# What Happened!?!?!?



## icboers (Feb 1, 2009)

This is the first batch of coffee soap I have tried. I used the same recipe as I always do, but subbed out part of the milk with coffee. I added the lye to the coffee, allowed to cool, then mixed with my oils. I added the milk and coffee grounds at trace. I poured into the mold just like I always do. I went to check it, it had been in the mold about 2 hrs and the top has split open, what happened and is it still usable?

[attachment deleted by admin]


----------



## NubianSoaps.com (Oct 26, 2007)

It overheated. Just take a wet wash cloth to the top, make circular motions to melt off the ash and make suds that will fill the cracks. The circular motions will make circles on top of the soap so it is still pretty when it dries. Don't take it out of the mold or cut it, do this first. Vicki


----------



## icboers (Feb 1, 2009)

Thanks! I am going to try it and hope it works.
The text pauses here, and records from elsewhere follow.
(* Let $A$ be a predicate and $(\rho_i)_i$ a family of mixed memories with $\rho_i\models A$ for all $i$ such that $\sum_i\rho_i$ exists. Then $\sum_i\rho_i\models A$.
   Context: Variables are program variables, entangled ghosts or unentangled ghosts. $\ell^2[V]$ is the Hilbert space with orthonormal basis indexed by assignments on $V$; mixed memories over $V$ are positive trace-class operators on $\ell^2[V]$; $\mathrm{tr}_W$ is partial trace; $\mathrm{supp}\,\rho$ is the closure of the range of $\rho$. A mixed memory over $V\cup W$ is $(V,W)$-separable if it is a convergent sum $\sum_i\rho_i\otimes\rho_i'$ of mixed memories over $V$ and $W$. A predicate over $V$ is a closed subspace of $\ell^2[V]$. For program variables $X$, entangled ghosts $E$, unentangled ghosts $U$ and a predicate $A$ over $X\cup E\cup U$, a mixed memory $\rho$ over $X$ satisfies $A$ ($\rho\models A$) iff there exists an $(X\cup E,U)$-separable mixed memory $\rho^\circ$ over $X\cup E\cup U$ with $\mathrm{supp}\,\rho^\circ\subseteq A$ and $\mathrm{tr}_{E\cup U}\rho^\circ=\rho$. *)

theory Defs
  imports "HOL-Analysis.Analysis"
begin

text \<open>Assignments on a set of variables are represented by the elements of a type.
  Vectors of the Hilbert space l2 over a type are square-summable complex functions;
  operators (mixed memories) are represented by their matrices in the canonical
  orthonormal basis.\<close>

definition l2 :: "('a \<Rightarrow> complex) set" where
  "l2 = {f. (\<lambda>x. (cmod (f x))^2) summable_on UNIV}"

definition l2_norm :: "('a \<Rightarrow> complex) \<Rightarrow> real" where
  "l2_norm f = sqrt (\<Sum>\<^sub>\<infinity>x. (cmod (f x))^2)"

definition l2_closure :: "('a \<Rightarrow> complex) set \<Rightarrow> ('a \<Rightarrow> complex) set" where
  "l2_closure S = {f \<in> l2. \<exists>F. (\<forall>n. F n \<in> S) \<and>
       (\<lambda>n. l2_norm (\<lambda>x. F n x - f x)) \<longlonglongrightarrow> 0}"

definition is_predicate :: "('a \<Rightarrow> complex) set \<Rightarrow> bool" where
  "is_predicate A \<longleftrightarrow> A \<subseteq> l2 \<and> (\<lambda>x. 0) \<in> A
     \<and> (\<forall>f\<in>A. \<forall>g\<in>A. (\<lambda>x. f x + g x) \<in> A)
     \<and> (\<forall>c. \<forall>f\<in>A. (\<lambda>x. c * f x) \<in> A)
     \<and> l2_closure A \<subseteq> A"

definition positive_matrix :: "('a \<Rightarrow> 'a \<Rightarrow> complex) \<Rightarrow> bool" where
  "positive_matrix \<rho> \<longleftrightarrow> (\<forall>F c. finite F \<longrightarrow>
     Im (\<Sum>x\<in>F. \<Sum>y\<in>F. cnj (c x) * \<rho> x y * c y) = 0 \<and>
     Re (\<Sum>x\<in>F. \<Sum>y\<in>F. cnj (c x) * \<rho> x y * c y) \<ge> 0)"

text \<open>Mixed memory: positive trace-class operator (positive with summable diagonal).\<close>
definition mixed_memory :: "('a \<Rightarrow> 'a \<Rightarrow> complex) \<Rightarrow> bool" where
  "mixed_memory \<rho> \<longleftrightarrow> positive_matrix \<rho> \<and> (\<lambda>x. Re (\<rho> x x)) summable_on UNIV"

definition mm_has_sum :: "('i \<Rightarrow> 'a \<Rightarrow> 'a \<Rightarrow> complex) \<Rightarrow> 'i set \<Rightarrow> ('a \<Rightarrow> 'a \<Rightarrow> complex) \<Rightarrow> bool" where
  "mm_has_sum \<rho> I \<sigma> \<longleftrightarrow> mixed_memory \<sigma> \<and> (\<forall>x y. ((\<lambda>i. \<rho> i x y) has_sum \<sigma> x y) I)"

definition mm_apply :: "('a \<Rightarrow> 'a \<Rightarrow> complex) \<Rightarrow> ('a \<Rightarrow> complex) \<Rightarrow> ('a \<Rightarrow> complex)" where
  "mm_apply \<rho> \<psi> = (\<lambda>x. \<Sum>\<^sub>\<infinity>y. \<rho> x y * \<psi> y)"

definition supp :: "('a \<Rightarrow> 'a \<Rightarrow> complex) \<Rightarrow> ('a \<Rightarrow> complex) set" where
  "supp \<rho> = l2_closure (mm_apply \<rho> ` l2)"

definition tensor :: "('v \<Rightarrow> 'v \<Rightarrow> complex) \<Rightarrow> ('w \<Rightarrow> 'w \<Rightarrow> complex) \<Rightarrow> ('v \<times> 'w \<Rightarrow> 'v \<times> 'w \<Rightarrow> complex)" where
  "tensor \<rho> \<sigma> = (\<lambda>(v, w) (v', w'). \<rho> v v' * \<sigma> w w')"

definition separable :: "('v \<times> 'w \<Rightarrow> 'v \<times> 'w \<Rightarrow> complex) \<Rightarrow> bool" where
  "separable \<rho> \<longleftrightarrow> (\<exists>(\<rho>s :: nat \<Rightarrow> 'v \<Rightarrow> 'v \<Rightarrow> complex) (\<sigma>s :: nat \<Rightarrow> 'w \<Rightarrow> 'w \<Rightarrow> complex).
      (\<forall>i. mixed_memory (\<rho>s i) \<and> mixed_memory (\<sigma>s i)) \<and>
      mm_has_sum (\<lambda>i. tensor (\<rho>s i) (\<sigma>s i)) UNIV \<rho>)"

text \<open>Partial trace over the entangled and unentangled ghosts E \<union> U.\<close>
definition ptrace_EU :: "((('x \<times> 'e) \<times> 'u) \<Rightarrow> (('x \<times> 'e) \<times> 'u) \<Rightarrow> complex) \<Rightarrow> 'x \<Rightarrow> 'x \<Rightarrow> complex" where
  "ptrace_EU \<rho> = (\<lambda>x x'. \<Sum>\<^sub>\<infinity>(e, u). \<rho> ((x, e), u) ((x', e), u))"

text \<open>Satisfaction; 'x, 'e, 'u are the assignments on X, E, U.\<close>
definition satisfies :: "('x \<Rightarrow> 'x \<Rightarrow> complex) \<Rightarrow> ((('x \<times> 'e) \<times> 'u) \<Rightarrow> complex) set \<Rightarrow> bool" where
  "satisfies \<rho> A \<longleftrightarrow> (\<exists>\<rho>o :: (('x \<times> 'e) \<times> 'u) \<Rightarrow> (('x \<times> 'e) \<times> 'u) \<Rightarrow> complex.
      mixed_memory \<rho>o \<and> separable \<rho>o \<and> supp \<rho>o \<subseteq> A \<and> ptrace_EU \<rho>o = \<rho>)"

end

(*
  Choose for every i a separable witness R i of the satisfaction of A by \<rho> i. Partial traces
  preserve traces, so the traces of the R i add up to the trace of \<sigma>; positivity bounds every
  entry by the diagonal, hence \<Omega> = \<Sum>i R i converges absolutely entrywise, is again a mixed
  memory, and its partial trace is \<Sum>i \<rho> i = \<sigma>.

  \<Omega> is separable although the index set may be uncountable: the tensor summands of all the R i
  together still sum to \<Omega>, and only countably many of them are nonzero, because a nonzero
  summand has a positive diagonal entry at one of the countably many points where \<Omega> has one.

  Finally, for \<psi> in l2, \<Omega> \<psi> is the l2-limit of finite partial sums \<Sum>i\<in>G R i \<psi>, which lie in A.
  The error is the tail operator applied to \<psi>, whose norm is bounded by the square root of its
  trace times a constant depending on \<psi>; as A is closed, \<Omega> \<psi> \<in> A.
*)

theory Submission
  imports Defs
begin

section \<open>Infinite sums\<close>

lemma has_sum_sum:
  fixes f :: "'j \<Rightarrow> 'i \<Rightarrow> 'b::topological_comm_monoid_add"
  assumes "finite F" "\<And>j. j \<in> F \<Longrightarrow> (f j has_sum s j) I"
  shows "((\<lambda>i. \<Sum>j\<in>F. f j i) has_sum (\<Sum>j\<in>F. s j)) I"
  using assms by (induction F rule: finite_induct) (auto intro: has_sum_add)

lemma has_sum_Sigma_nonneg:
  fixes f :: "'a \<Rightarrow> 'b \<Rightarrow> real"
  assumes f: "\<And>x. ((\<lambda>y. f x y) has_sum g x) UNIV" and g: "(g has_sum s) UNIV"
    and nonneg: "\<And>x y. 0 \<le> f x y"
  shows "((\<lambda>(x, y). f x y) has_sum s) UNIV"
proof -
  have sum: "(\<lambda>(x, y). f x y) summable_on Sigma UNIV (\<lambda>_. UNIV)"
    by (rule summable_on_SigmaI[where g = g]) (use f has_sum_imp_summable[OF g] nonneg in auto)
  have "((\<lambda>(x, y). f x y) has_sum s) (Sigma UNIV (\<lambda>_. UNIV))"
    by (rule has_sum_SigmaI[OF _ g sum]) (simp add: f)
  then show ?thesis by simp
qed

lemma has_sum_restrict_finite:
  fixes f :: "'i \<Rightarrow> 'b::topological_ab_group_add"
  assumes "(f has_sum s) UNIV" and "finite G"
  shows "((\<lambda>i. if i \<in> G then 0 else f i) has_sum s - sum f G) UNIV"
proof -
  have "(f has_sum s - sum f G) (UNIV - G)"
    by (rule has_sum_Diff[OF assms(1)]) (use assms(2) in auto)
  then show ?thesis by (rule has_sum_cong_neutral[THEN iffD1, rotated -1]) auto
qed

lemma has_sum_finite_subsets_seq:
  fixes f :: "'a \<Rightarrow> 'b::{comm_monoid_add, metric_space}"
  assumes "(f has_sum s) A"
  obtains G where "\<And>n. finite (G n)" and "\<And>n. G n \<subseteq> A" and "(\<lambda>n. sum f (G n)) \<longlonglongrightarrow> s"
proof -
  have "\<exists>X. finite X \<and> X \<subseteq> A \<and> dist (sum f X) s < inverse (real (Suc n))" for n
  proof -
    have "\<forall>\<^sub>F X in finite_subsets_at_top A. dist (sum f X) s < inverse (real (Suc n))"
      using assms unfolding has_sum_def by (rule tendstoD) simp
    then show ?thesis unfolding eventually_finite_subsets_at_top by blast
  qed
  then obtain G where G: "\<And>n. finite (G n)" "\<And>n. G n \<subseteq> A"
    and near: "\<And>n. dist (sum f (G n)) s < inverse (real (Suc n))"
    by metis
  have "(\<lambda>n. dist (sum f (G n)) s) \<longlonglongrightarrow> 0"
    by (rule Lim_null_comparison[OF _ LIMSEQ_inverse_real_of_nat])
      (use near in \<open>auto intro!: always_eventually less_imp_le\<close>)
  then have "(\<lambda>n. sum f (G n)) \<longlonglongrightarrow> s" by (rule tendsto_dist_iff[THEN iffD2])
  with G show ?thesis by (rule that)
qed

section \<open>Positive matrices\<close>

lemma nonneg_quadratic_imp_le:
  fixes p q u :: real
  assumes quad: "\<And>s. 0 \<le> p * s\<^sup>2 - 2 * u * s + q * u"
    and "0 \<le> p" "0 \<le> q" "0 \<le> u"
  shows "u \<le> p * q"
proof (cases "u = 0")
  case False
  then have "0 < u" using \<open>0 \<le> u\<close> by simp
  show ?thesis
  proof (cases "p = 0")
    case True
    have "0 \<le> - u * (q + 2)" using quad[of "q + 1"] True by (simp add: algebra_simps)
    then show ?thesis using \<open>0 < u\<close> \<open>0 \<le> q\<close> by (simp add: mult_le_0_iff)
  next
    case False
    then have "0 < p" using \<open>0 \<le> p\<close> by simp
    have "0 \<le> p * (u / p)\<^sup>2 - 2 * u * (u / p) + q * u" by (rule quad)
    also have "\<dots> = u * (p * q - u) / p" using \<open>0 < p\<close> by (simp add: field_simps power2_eq_square)
    finally show ?thesis using \<open>0 < u\<close> \<open>0 < p\<close> by (simp add: zero_le_divide_iff zero_le_mult_iff)
  qed
qed (use assms in simp)

lemma positive_matrixD:
  assumes "positive_matrix T" "finite F"
  shows "Im (\<Sum>x\<in>F. \<Sum>y\<in>F. cnj (c x) * T x y * c y) = 0"
    and "0 \<le> Re (\<Sum>x\<in>F. \<Sum>y\<in>F. cnj (c x) * T x y * c y)"
  using assms unfolding positive_matrix_def by auto

lemma positive_matrix_diag:
  assumes "positive_matrix T"
  shows "T a a = of_real (Re (T a a))" and "0 \<le> Re (T a a)"
  using positive_matrixD[OF assms, of "{a}" "\<lambda>_. 1"] by (auto simp: complex_eq_iff)

lemma positive_matrix_entry_le:
  assumes T: "positive_matrix T"
  shows "cmod (T a b) \<le> sqrt (Re (T a a)) * sqrt (Re (T b b))"
proof (cases "a = b")
  case True
  have "cmod (T a a) = Re (T a a)"
    by (subst positive_matrix_diag(1)[OF T]) (simp add: positive_matrix_diag(2)[OF T])
  then show ?thesis using True positive_matrix_diag(2)[OF T, of a] by simp
next
  case False
  define p q where "p = Re (T a a)" and "q = Re (T b b)"
  define z w where "z = T a b" and "w = T b a"
  have p: "T a a = of_real p" "0 \<le> p" and q: "T b b = of_real q" "0 \<le> q"
    using positive_matrix_diag[OF T] unfolding p_def q_def by auto
  define form where "form \<alpha> \<beta> = cnj \<alpha> * p * \<alpha> + cnj \<alpha> * z * \<beta> + cnj \<beta> * w * \<alpha> + cnj \<beta> * q * \<beta>"
    for \<alpha> \<beta> :: complex
  have form: "Im (form \<alpha> \<beta>) = 0 \<and> 0 \<le> Re (form \<alpha> \<beta>)" for \<alpha> \<beta>
  proof -
    define c where "c x = (if x = a then \<alpha> else \<beta>)" for x
    have "(\<Sum>x\<in>{a,b}. \<Sum>y\<in>{a,b}. cnj (c x) * T x y * c y) = form \<alpha> \<beta>"
      using False by (simp add: c_def form_def p q z_def w_def)
    then show ?thesis using positive_matrixD[OF T, of "{a,b}" c] by simp
  qed
  have "w = cnj z"
    using form[of 1 1] form[of 1 \<i>] by (simp add: form_def complex_eq_iff)
  \<comment> \<open>testing the form on \<open>(s, - cnj z)\<close> yields a real quadratic in \<open>s\<close>\<close>
  have "0 \<le> p * s\<^sup>2 - 2 * (cmod z)\<^sup>2 * s + q * (cmod z)\<^sup>2" for s
  proof -
    have "Re (form s (- cnj z)) = p * s\<^sup>2 - 2 * (cmod z)\<^sup>2 * s + q * (cmod z)\<^sup>2"
      unfolding cmod_power2 by (simp add: form_def \<open>w = cnj z\<close> power2_eq_square algebra_simps)
    then show ?thesis using form by metis
  qed
  then have "(cmod z)\<^sup>2 \<le> p * q" using p q by (intro nonneg_quadratic_imp_le) auto
  then have "cmod z \<le> sqrt (p * q)" by (simp add: real_le_rsqrt)
  then show ?thesis by (simp add: z_def p_def q_def real_sqrt_mult)
qed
How can I keep it from doing this next time.
Karla


----------



## NubianSoaps.com (Oct 26, 2007)

I put a fan on a couple of my soaps so they don't overheat. Anything with cinnamon or honey in it is going to heat up. You can also put them in the fridge...warning, scent permeates the rubber gaskets on freezers and fridge and makes them smell like scent over time. Vicki


----------



## Faye Farms (Sep 14, 2009)

I have one soap that overheats. I find it makes a big difference if I put my mold on a cooling rack. That way air can move under the mold too.


----------



## icboers (Feb 1, 2009)

Thanks everyone, I tried to fix it and it still has cracks in it. Maybe I needed to let it cool completely first? Oh well, it was an experiment and I will just use it for family and close friends that don't care what it looks like. I will try the fan and cooling rack next time and see if that helps. I have never had one do that, even my OMH doesn't overheat.

Karla


----------



## luvzmybabz (Sep 15, 2008)

Vicki McGaugh Tx Nubians said:


> It overheated. Just take a wet wash cloth to the top, make circular motions to melt off the ash and make suds that will fill the cracks. The circular motions will make circles on top of the soap so it is still pretty when it dries. Don't take it out of the mold or cut it, do this first. Vicki


 and Vicki would know she makes the most LUCIOUS coffee soap.


----------



## NubianSoaps.com (Oct 26, 2007)

Thanks Kasi 

Karla, soap is soap, if you lather soap off the top of the log, into the cracks, it hardens back into soap. You can even pour another layer of a new soap onto the top to fill the cracks and then texture the top and let it harden. Soap is really forgiving! Vicki


----------



## icboers (Feb 1, 2009)

Thank you so much. I wen ahead and unmolded and cut it, it doesn't look so bad after I cut it. It did sink in the middle, so it has kind of an upside down half circle on the top, looks kinda cool though.

Karla


----------



## NubianSoaps.com (Oct 26, 2007)

Ha! Then your customers like this soap with the half moon top because it fits in their hand so well...and you can't reproduce it  LOL!


----------



## icboers (Feb 1, 2009)

So true, I probably can't make it look like that again if I tried!

Karla


----------